Geçenlerde az okunmanın sırlarını yazmıştım, çok okunmanın sırları da dürtükleyip duruyorlar, bizi de yaz diye, hoş çok okunmam ki nereden bilip de yazayım desem de yatıştıramadım, hazır az biraz da şımarmışken kendi kendime azıcık abartarak bazı görüşlerimi sunayım, maksat az biraz tatmin olsun çok okunmanın sırları…

Efendim, öncelikle çok çarpıcı bir başlık bulacaksınız!

Konu her ne ise, mümkünse cinsellik falan çağrıştırsın, en çok o konular okunuyor zannımca!...

Resim çok önemli!

Konuyla ilgisi olsun olmasın, çokça gizemli, en fazla da epey bir erotik olsun, ilk etapta tıklanmasa bile, vakit buldukça tıklamak istiyor insan, benden söylemesi…

Bütün aile bireylerinizi, arkadaşlarınızı, arkadaşlarınızın arkadaşlarını haberdar edeceksiniz, haberdar etmekle de kalmayıp, başlarında yumurta pişireceksiniz “Okudun mu son yazımı? Okumadın mı! Ne!... Tüüüü yazıklar olsun senin gibi arkadaşa!” şeklinde…

Bunu demekle kalmayıp, takibe de alacaksınız ki, kaytarmasın!

Geçtiği yolları bilip, önüne çıkacaksınız ki, gördüğünde utansın, hatta gözüne öyle bir bakacaksınız ki, “Yoksa yine mi okumadın” anlamı fışkıracak, o da kızaracak, bozulacak!

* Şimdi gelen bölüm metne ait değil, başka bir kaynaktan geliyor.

(* Let $B=F_{2,3}$ be the bowtie and let $\vec B$ be an orientation of $B$ such that either (a) all four edges incident to the center are directed into the center, or all four are directed out of the center; or (b) in one triangle both edges incident to the center are directed into the center, and in the other triangle both edges incident to the center are directed out of the center. Then for all sufficiently large $n$, $D(n,\vec B)>2^{\mathrm{ex}(n,B)}$.
   Context: The bowtie $B=F_{2,3}$ consists of two triangles sharing exactly one vertex, the center. For a directed graph $\vec H$, $D(n,\vec H)$ is the maximum, over all $n$-vertex graphs $G$, of the number of orientations of $G$ containing no copy of $\vec H$; $\mathrm{ex}(n,B)$ is the Turán number of $B$ (equal to $\lfloor n^2/4\rfloor+1$ for large $n$). *)

theory Defs
  imports Main
begin

definition all_edges :: "nat \<Rightarrow> nat set set" where
  "all_edges n = {{u, v} | u v. u < n \<and> v < n \<and> u \<noteq> v}"

definition is_orientation :: "nat set set \<Rightarrow> (nat \<times> nat) set \<Rightarrow> bool" where
  "is_orientation G R \<longleftrightarrow>
     (\<forall>(u, v) \<in> R. {u, v} \<in> G) \<and>
     (\<forall>u v. {u, v} \<in> G \<longrightarrow> ((u, v) \<in> R \<longleftrightarrow> (v, u) \<notin> R))"

definition contains_dicopy :: "(nat \<times> nat) set \<Rightarrow> nat set \<Rightarrow> (nat \<times> nat) set \<Rightarrow> bool" where
  "contains_dicopy R VH H \<longleftrightarrow>
     (\<exists>f. inj_on f VH \<and> (\<forall>(a, b) \<in> H. (f a, f b) \<in> R))"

Ertesi gün yine, yılmadan takibe devam, yüzü tutmayacak, iki eli kanda olsa bir soru çıkar da yanıtlayamam kaygısıyla her gün sizi okuyacak!

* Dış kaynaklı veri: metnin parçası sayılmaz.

lemma tendsto_abs_diff_le_null:
  fixes f g :: "'a \<Rightarrow> real"
  assumes "\<And>x. \<bar>f x - l\<bar> \<le> g x" and "(g \<longlongrightarrow> 0) F"
  shows "(f \<longlongrightarrow> l) F"
proof (intro metric_tendsto_imp_tendsto[OF assms(2) always_eventually] allI)
  fix x
  show "dist (f x) l \<le> dist (g x) 0"
    using assms(1)[of x] abs_ge_self[of "g x"] by (simp add: dist_real_def)
qed

definition joint_space ::
  "'a::topological_space set \<Rightarrow> nat \<Rightarrow> (nat \<Rightarrow> 'b::topological_space set)
   \<Rightarrow> nat \<Rightarrow> (nat \<Rightarrow> 'c::topological_space set) \<Rightarrow> ('a \<times> (nat \<Rightarrow> 'b) \<times> (nat \<Rightarrow> 'c)) measure" where
  "joint_space A N1 B1 N2 B2 = sb A \<Otimes>\<^sub>M (PiM {..<N1} (\<lambda>j. sb (B1 j)) \<Otimes>\<^sub>M PiM {..<N2} (\<lambda>j. sb (B2 j)))"

definition realized_cost ::
  "nat \<Rightarrow> nat \<Rightarrow> ('o \<Rightarrow> (nat \<Rightarrow> 'u1) \<Rightarrow> (nat \<Rightarrow> 'u2) \<Rightarrow> real)
   \<Rightarrow> (nat \<Rightarrow> real) measure \<times> (nat \<Rightarrow> 'y1 \<times> (nat \<Rightarrow> real) \<Rightarrow> 'u1)
   \<Rightarrow> (nat \<Rightarrow> real) measure \<times> (nat \<Rightarrow> 'y2 \<times> (nat \<Rightarrow> real) \<Rightarrow> 'u2)
   \<Rightarrow> (('o \<times> (nat \<Rightarrow> 'y1) \<times> (nat \<Rightarrow> 'y2)) \<times> (nat \<Rightarrow> real)) \<times> (nat \<Rightarrow> real) \<Rightarrow> real" where
  "realized_cost N1 N2 c p1 p2 =
     (\<lambda>(((\<omega>, y1, y2), z1), z2). c \<omega> (act N1 (snd p1) y1 z1) (act N2 (snd p2) y2 z2))"

definition averaged_cost ::
  "nat \<Rightarrow> nat \<Rightarrow> ('o \<Rightarrow> (nat \<Rightarrow> 'u1) \<Rightarrow> (nat \<Rightarrow> 'u2) \<Rightarrow> real)
   \<Rightarrow> (nat \<Rightarrow> real) measure \<times> (nat \<Rightarrow> 'y1 \<times> (nat \<Rightarrow> real) \<Rightarrow> 'u1)
   \<Rightarrow> (nat \<Rightarrow> real) measure \<times> (nat \<Rightarrow> 'y2 \<times> (nat \<Rightarrow> real) \<Rightarrow> 'u2)
   \<Rightarrow> 'o \<times> (nat \<Rightarrow> 'y1) \<times> (nat \<Rightarrow> 'y2) \<Rightarrow> real" where
  "averaged_cost N1 N2 c p1 p2 x =
     (\<integral>z1. (\<integral>z2. realized_cost N1 N2 c p1 p2 ((x, z1), z2) \<partial>fst p2) \<partial>fst p1)"

lemma exp_cost_eq_integral_realized_cost:
  "exp_cost N1 N2 c \<mu> p1 p2 = (\<integral>x. realized_cost N1 N2 c p1 p2 x \<partial>((\<mu> \<Otimes>\<^sub>M fst p1) \<Otimes>\<^sub>M fst p2))"
  unfolding exp_cost_def realized_cost_def
  by (rule arg_cong[where f="integral\<^sup>L _"]) (auto split: prod.split)

lemma prob_space_team_policy: "p \<in> team_policies N Y U \<Longrightarrow> prob_space (fst p)"
  by (auto simp: team_policies_def)

lemma sets_team_policy: "p \<in> team_policies N Y U \<Longrightarrow> sets (fst p) = sets (rand_space N)"
  by (auto simp: team_policies_def)

lemma measurable_act:
  assumes p: "p \<in> team_policies N Y U"
    and fy: "fy \<in> measurable X (PiM {..<N} (\<lambda>j. sb (Y j)))" and fz: "fz \<in> measurable X (rand_space N)"
  shows "(\<lambda>x. act N (snd p) (fy x) (fz x)) \<in> measurable X (PiM {..<N} (\<lambda>j. sb (U j)))"
  unfolding act_def
proof (rule measurable_restrict)
  fix j assume j: "j \<in> {..<N}"
  then have "snd p j \<in> measurable (sb (Y j) \<Otimes>\<^sub>M rand_space N) (sb (U j))"
    using p by (auto simp: team_policies_def)
  moreover have "(\<lambda>x. (fy x j, fz x)) \<in> measurable X (sb (Y j) \<Otimes>\<^sub>M rand_space N)"
    by (rule measurable_Pair[OF measurable_compose[OF fy measurable_component_singleton[OF j]] fz])
  ultimately show "(\<lambda>x. snd p j (fy x j, fz x)) \<in> measurable X (sb (U j))"
    by (simp add: measurable_compose)
qed

lemma act_in_PiE:
  assumes p: "p \<in> team_policies N Y U"
    and y: "y \<in> space (PiM {..<N} (\<lambda>j. sb (Y j)))" and z: "z \<in> space (rand_space N)"
  shows "act N (snd p) y z \<in> PiE {..<N} U"
proof -
  have "(\<lambda>_. act N (snd p) y z) \<in> measurable (count_space {()}) (PiM {..<N} (\<lambda>j. sb (U j)))"
    using y z by (intro measurable_act[OF p] measurable_const)
  from measurable_space[OF this, of "()"] show ?thesis
    by (simp add: space_PiM sb_def space_restrict_space)
qed

context
  fixes N1 N2 :: nat
    and \<Omega>0 :: "'o::topological_space set"
    and Y1 :: "nat \<Rightarrow> 'y1::topological_space set" and Y2 :: "nat \<Rightarrow> 'y2::topological_space set"
    and U1 :: "nat \<Rightarrow> 'u1::topological_space set" and U2 :: "nat \<Rightarrow> 'u2::topological_space set"
    and c :: "'o \<Rightarrow> (nat \<Rightarrow> 'u1) \<Rightarrow> (nat \<Rightarrow> 'u2) \<Rightarrow> real" and K :: real
  assumes c_meas: "(\<lambda>(\<omega>, u1, u2). c \<omega> u1 u2) \<in> borel_measurable (joint_space \<Omega>0 N1 U1 N2 U2)"
    and c_bound: "\<And>\<omega> u1 u2. \<omega> \<in> \<Omega>0 \<Longrightarrow> u1 \<in> PiE {..<N1} U1 \<Longrightarrow> u2 \<in> PiE {..<N2} U2 \<Longrightarrow>
      \<bar>c \<omega> u1 u2\<bar> \<le> K"
begin

context
  fixes p1 :: "(nat \<Rightarrow> real) measure \<times> (nat \<Rightarrow> 'y1 \<times> (nat \<Rightarrow> real) \<Rightarrow> 'u1)"
    and p2 :: "(nat \<Rightarrow> real) measure \<times> (nat \<Rightarrow> 'y2 \<times> (nat \<Rightarrow> real) \<Rightarrow> 'u2)"
  assumes p1: "p1 \<in> team_policies N1 Y1 U1" and p2: "p2 \<in> team_policies N2 Y2 U2"
begin

interpretation \<eta>1: prob_space "fst p1"
  by (rule prob_space_team_policy[OF p1])

interpretation \<eta>2: prob_space "fst p2"
  by (rule prob_space_team_policy[OF p2])

lemma measurable_realized_cost:
  assumes M: "sets M = sets (joint_space \<Omega>0 N1 Y1 N2 Y2)"
  shows "realized_cost N1 N2 c p1 p2 \<in> borel_measurable ((M \<Otimes>\<^sub>M fst p1) \<Otimes>\<^sub>M fst p2)"
proof -
  let ?X = "(joint_space \<Omega>0 N1 Y1 N2 Y2 \<Otimes>\<^sub>M rand_space N1) \<Otimes>\<^sub>M rand_space N2"
  have \<omega>: "(\<lambda>x. fst (fst (fst x))) \<in> measurable ?X (sb \<Omega>0)"
    unfolding joint_space_def by (intro measurable_fst'' measurable_fst)
  have y1: "(\<lambda>x. fst (snd (fst (fst x)))) \<in> measurable ?X (PiM {..<N1} (\<lambda>j. sb (Y1 j)))"
    unfolding joint_space_def by (intro measurable_fst'' measurable_snd'' measurable_fst)
  have y2: "(\<lambda>x. snd (snd (fst (fst x)))) \<in> measurable ?X (PiM {..<N2} (\<lambda>j. sb (Y2 j)))"
    unfolding joint_space_def by (intro measurable_fst'' measurable_snd'' measurable_snd)
  have z1: "(\<lambda>x. snd (fst x)) \<in> measurable ?X (rand_space N1)"
    by (intro measurable_fst'' measurable_snd)
  have z2: "snd \<in> measurable ?X (rand_space N2)"
    by (rule measurable_snd)
  have "(\<lambda>x. (fst (fst (fst x)), act N1 (snd p1) (fst (snd (fst (fst x)))) (snd (fst x)),
      act N2 (snd p2) (snd (snd (fst (fst x)))) (snd x))) \<in> measurable ?X (joint_space \<Omega>0 N1 U1 N2 U2)"
    unfolding joint_space_def[of \<Omega>0 N1 U1 N2 U2]
    by (rule measurable_Pair[OF \<omega> measurable_Pair[OF measurable_act[OF p1 y1 z1] measurable_act[OF p2 y2 z2]]])
  from measurable_compose[OF this c_meas] have "realized_cost N1 N2 c p1 p2 \<in> borel_measurable ?X"
    by (simp add: realized_cost_def split_beta')
  moreover have "sets (fst p1) = sets (rand_space N1)" "sets (fst p2) = sets (rand_space N2)"
    using sets_team_policy[OF p1] sets_team_policy[OF p2] .
  then have "measurable ((M \<Otimes>\<^sub>M fst p1) \<Otimes>\<^sub>M fst p2) (borel :: real measure) = borel_measurable ?X"
    by (intro measurable_cong_sets sets_pair_measure_cong M) auto
  ultimately show ?thesis
    by simp
qed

Arkadaşlık sitelerinden arkadaşlar edinilecek, onlar sevgili buluyorum zannedecek ama siz msn’inize ekleyerek listenizi çoğaltacaksınız, sonra da her yazdığınızı üşenmeden her birine postalayacaksınız, mümkünse özel not tarzında “Oku lütfen, az biraz sana özel” şeklinde teşvik edeceksiniz!

Gelen yorumlara öncelikle cevap vermeyeceksiniz!

Gelen kutusunda “Milliyet blog yorumunuza cevap var!” yazmadıkça, hatlarda mı bir problem var kaygısıyla tekrar tekrar aynı bloğa girip de kontrol ediyormuş insan!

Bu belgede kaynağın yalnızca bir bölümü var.